#### [Prompt]
Extract the first line through the line containing "i x) has_sum" from the listing below, exactly as written.
◇ ◇ ◇ ◇ ◇
(*
  The energy matrix is the second-moment matrix of the nonnegative weight
  w(x) = sum_{i,j} pi_i (g-changed mu_{i,j})(x), so it is symmetric and
  v^T sigma v = sum_x (v . x)^2 w(x) >= 0.  If this vanished for some v <> 0, every jump y
  from i to j with pi_i > 0 would satisfy v . y = v . (g_j - g_i); as such jumps lead to
  states j with pi_j > 0 again, v . A_n - v . g_{M_n} would be conserved along every path
  starting in such a state.  Irreducibility lets the process go from (0, i) to (e_k, i),
  which forces v_k = 0 for every k.
*)

lemma has_sum_sum:
  fixes f :: "'i \<Rightarrow> 'a \<Rightarrow> 'b::topological_comm_monoid_add"
  assumes "finite I" "\<And>i. i \<in> I \<Longrightarrow> (f i has_sum s i) A"
  shows "((\<lambda>x. \<Sum>i\<in>I. f i x) has_sum (\<Sum>i\<in>I. s i)) A"
  using assms by (induction I rule: finite_induct) (auto intro: has_sum_add)

lemma summable_on_sum:
  fixes f :: "'i \<Rightarrow> 'a \<Rightarrow> 'b::topological_comm_monoid_add"
  assumes "finite I" "\<And>i. i \<in> I \<Longrightarrow> f i summable_on A"
  shows "(\<lambda>x. \<Sum>i\<in>I. f i x) summable_on A"
  using assms by (induction I rule: finite_induct) (auto intro: summable_on_add)

definition second_moment :: "(real^'d \<Rightarrow> real) \<Rightarrow> real^'d^'d" where
  "second_moment w = (\<chi> k l. infsum (\<lambda>x. x $ k * x $ l * w x) UNIV)"

lemma transpose_second_moment: "transpose (second_moment w) = second_moment w"
  by (simp add: transpose_def second_moment_def vec_eq_iff mult.commute mult.left_commute)

lemma second_moment_quadratic_form:
  fixes w :: "real^'d \<Rightarrow> real"
  assumes "\<And>k l. (\<lambda>x. x $ k * x $ l * w x) summable_on UNIV"
  shows "((\<lambda>x. (v \<bullet> x)\<^sup>2 * w x) has_sum (v \<bullet> (second_moment w *v v))) UNIV"
proof -
  have "((\<lambda>x. \<Sum>k\<in>UNIV. \<Sum>l\<in>UNIV. v $ k * v $ l * (x $ k * x $ l * w x)) has_sum
        (\<Sum>k\<in>UNIV. \<Sum>l\<in>UNIV. v $ k * v $ l * second_moment w $ k $ l)) UNIV"
    using assms by (intro has_sum_sum has_sum_cmult_right) (auto simp: second_moment_def)
  moreover have "(v \<bullet> x)\<^sup>2 * w x = (\<Sum>k\<in>UNIV. \<Sum>l\<in>UNIV. v $ k * v $ l * (x $ k * x $ l * w x))" for x
  proof -
    have "(v \<bullet> x)\<^sup>2 = (\<Sum>k\<in>UNIV. \<Sum>l\<in>UNIV. (v $ k * x $ k) * (v $ l * x $ l))"
      by (simp add: inner_vec_def power2_eq_square sum_product)
    then show ?thesis by (simp add: sum_distrib_left algebra_simps)
  qed
  moreover have "v \<bullet> (second_moment w *v v) =
      (\<Sum>k\<in>UNIV. \<Sum>l\<in>UNIV. v $ k * v $ l * second_moment w $ k $ l)"
    by (simp add: inner_vec_def matrix_vector_mult_def sum_distrib_left algebra_simps)
  ultimately show ?thesis by simp
qed

lemma second_moment_pos_definite:
  fixes w :: "real^'d \<Rightarrow> real"
  assumes nonneg: "\<And>x. 0 \<le> w x"
    and summable: "\<And>k l. (\<lambda>x. x $ k * x $ l * w x) summable_on UNIV"
    and nondegenerate: "\<And>v. v \<noteq> 0 \<Longrightarrow> \<exists>x. 0 < w x \<and> v \<bullet> x \<noteq> 0"
  shows "pos_definite (second_moment w)"
  unfolding pos_definite_def
proof (intro allI impI)
  fix v :: "real^'d"
  assume "v \<noteq> 0"
  then obtain x where x: "0 < w x" "v \<bullet> x \<noteq> 0" using nondegenerate by blast
  have "(v \<bullet> x)\<^sup>2 * w x \<le> v \<bullet> (second_moment w *v v)"
    using finite_sum_le_has_sum[OF second_moment_quadratic_form[OF summable], of "{x}"] nonneg
    by simp
  moreover have "0 < (v \<bullet> x)\<^sup>2 * w x" using x by simp
  ultimately show "0 < v \<bullet> (second_moment w *v v)" by linarith
qed

lemma rvec_0 [simp]: "rvec 0 = 0"
  by (simp add: rvec_def vec_eq_iff)

lemma rvec_diff: "rvec (a - b) = rvec a - rvec b"
  by (simp add: rvec_def vec_eq_iff)

lemma rvec_axis: "rvec (axis k 1) = axis k 1"
  by (simp add: rvec_def vec_eq_iff axis_def)

lemma inj_rvec: "inj rvec"
  by (auto simp: inj_def rvec_def vec_eq_iff)

lemma mu_ext_rvec [simp]: "mu_ext mu i j (rvec y) = mu i j y"
  by (simp add: mu_ext_def inv_f_f[OF inj_rvec])

lemma changed_mu_rvec: "changed_mu mu g i j (rvec y - (g j - g i)) = mu i j y"
  by (simp add: changed_mu_def)

lemma changed_mu_nonneg: "is_jump_matrix mu \<Longrightarrow> 0 \<le> changed_mu mu g i j x"
  by (simp add: changed_mu_def mu_ext_def is_jump_matrix_def)

lemma changed_mu_summable_on_iff:
  "(\<lambda>x. f x * changed_mu mu g i j x) summable_on UNIV \<longleftrightarrow>
   (\<lambda>y. f (rvec y - (g j - g i)) * mu i j y) summable_on UNIV"
proof -
  define \<phi> where "\<phi> y = rvec y - (g j - g i)" for y
  have "inj \<phi>" using inj_rvec by (auto simp: inj_def \<phi>_def)
  have "changed_mu mu g i j x = 0" if "x \<notin> range \<phi>" for x
  proof -
    have "x + g j - g i \<notin> range rvec"
      using that by (auto simp: \<phi>_def algebra_simps)
    then show ?thesis by (simp add: changed_mu_def mu_ext_def)
  qed
  then have "(\<lambda>x. f x * changed_mu mu g i j x) summable_on UNIV \<longleftrightarrow>
      (\<lambda>x. f x * changed_mu mu g i j x) summable_on range \<phi>"
    by (intro summable_on_cong_neutral) auto
  also have "\<dots> \<longleftrightarrow> (\<lambda>y. f (rvec y - (g j - g i)) * mu i j y) summable_on UNIV"
    using summable_on_reindex[OF \<open>inj \<phi>\<close>, of "\<lambda>x. f x * changed_mu mu g i j x"]
    by (simp add: o_def \<phi>_def changed_mu_rvec)
  finally show ?thesis .
qed
lemma zeta_in_lie_quasi_states:
  fixes \<phi> :: "'v::euclidean_space \<Rightarrow> 'v"
  assumes "linear \<phi>" "linear \<alpha>" "c \<in> Csl (range \<phi>)"
  shows "zeta \<phi> \<alpha> c \<in> lie_quasi_states \<phi>"
  unfolding lie_quasi_states_def
  using continuous_on_zeta[OF assms] zeta_linear_on_commuting[OF assms(1,2)] by blast

lemma lie_quasi_state_scaleR:
  assumes "\<zeta> \<in> lie_quasi_states \<phi>"
  shows "\<zeta> (r *\<^sub>R X) = r * \<zeta> X"
proof -
  have "\<zeta> (r *\<^sub>R X + 0 *\<^sub>R X) = r * \<zeta> X + 0 * \<zeta> X"
    using assms gcommute_refl unfolding lie_quasi_states_def by blast
  then show ?thesis by simp
qed

lemma lie_quasi_state_linear_time_zero:
  assumes "\<zeta> \<in> lie_quasi_states \<phi>"
  shows "linear (\<lambda>v. \<zeta> (v, 0))"
proof (rule linearI)
  fix x y :: 'a
  have "gcommute \<phi> (x, 0) (y, 0)" by (simp add: gcommute_Pair_iff)
  then have "\<zeta> (1 *\<^sub>R (x, 0) + 1 *\<^sub>R (y, 0)) = 1 * \<zeta> (x, 0) + 1 * \<zeta> (y, 0)"
    using assms unfolding lie_quasi_states_def by blast
  then show "\<zeta> (x + y, 0) = \<zeta> (x, 0) + \<zeta> (y, 0)" by simp
next
  fix r and x :: 'a
  show "\<zeta> (r *\<^sub>R x, 0) = r *\<^sub>R \<zeta> (x, 0)"
    using lie_quasi_state_scaleR[OF assms, of r "(x, 0)"] by simp
qed

lemma lie_quasi_state_fibre:
  assumes "\<zeta> \<in> lie_quasi_states \<phi>" and "\<phi> x = \<phi> y"
  shows "\<zeta> (x, 1) - \<zeta> (x, 0) = \<zeta> (y, 1) - \<zeta> (y, 0)"
proof -
  have "gcommute \<phi> (x, 1) (y, 1)" using assms(2) by (simp add: gcommute_Pair_iff)
  then have "\<zeta> (1 *\<^sub>R (x, 1) + (-1) *\<^sub>R (y, 1)) = 1 * \<zeta> (x, 1) + (-1) * \<zeta> (y, 1)"
    using assms(1) unfolding lie_quasi_states_def by blast
  moreover have "\<zeta> (x - y, 0) = \<zeta> (x, 0) - \<zeta> (y, 0)"
    using linear_diff[OF lie_quasi_state_linear_time_zero[OF assms(1)]] by simp
  ultimately show ?thesis by simp
qed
◇ ◇ ◇ ◇ ◇
#### [Response to the exercise]
(*
  The energy matrix is the second-moment matrix of the nonnegative weight
  w(x) = sum_{i,j} pi_i (g-changed mu_{i,j})(x), so it is symmetric and
  v^T sigma v = sum_x (v . x)^2 w(x) >= 0.  If this vanished for some v <> 0, every jump y
  from i to j with pi_i > 0 would satisfy v . y = v . (g_j - g_i); as such jumps lead to
  states j with pi_j > 0 again, v . A_n - v . g_{M_n} would be conserved along every path
  starting in such a state.  Irreducibility lets the process go from (0, i) to (e_k, i),
  which forces v_k = 0 for every k.
*)

lemma has_sum_sum:
  fixes f :: "'i \<Rightarrow> 'a \<Rightarrow> 'b::topological_comm_monoid_add"
  assumes "finite I" "\<And>i. i \<in> I \<Longrightarrow> (f i has_sum s i) A"
  shows "((\<lambda>x. \<Sum>i\<in>I. f i x) has_sum (\<Sum>i\<in>I. s i)) A"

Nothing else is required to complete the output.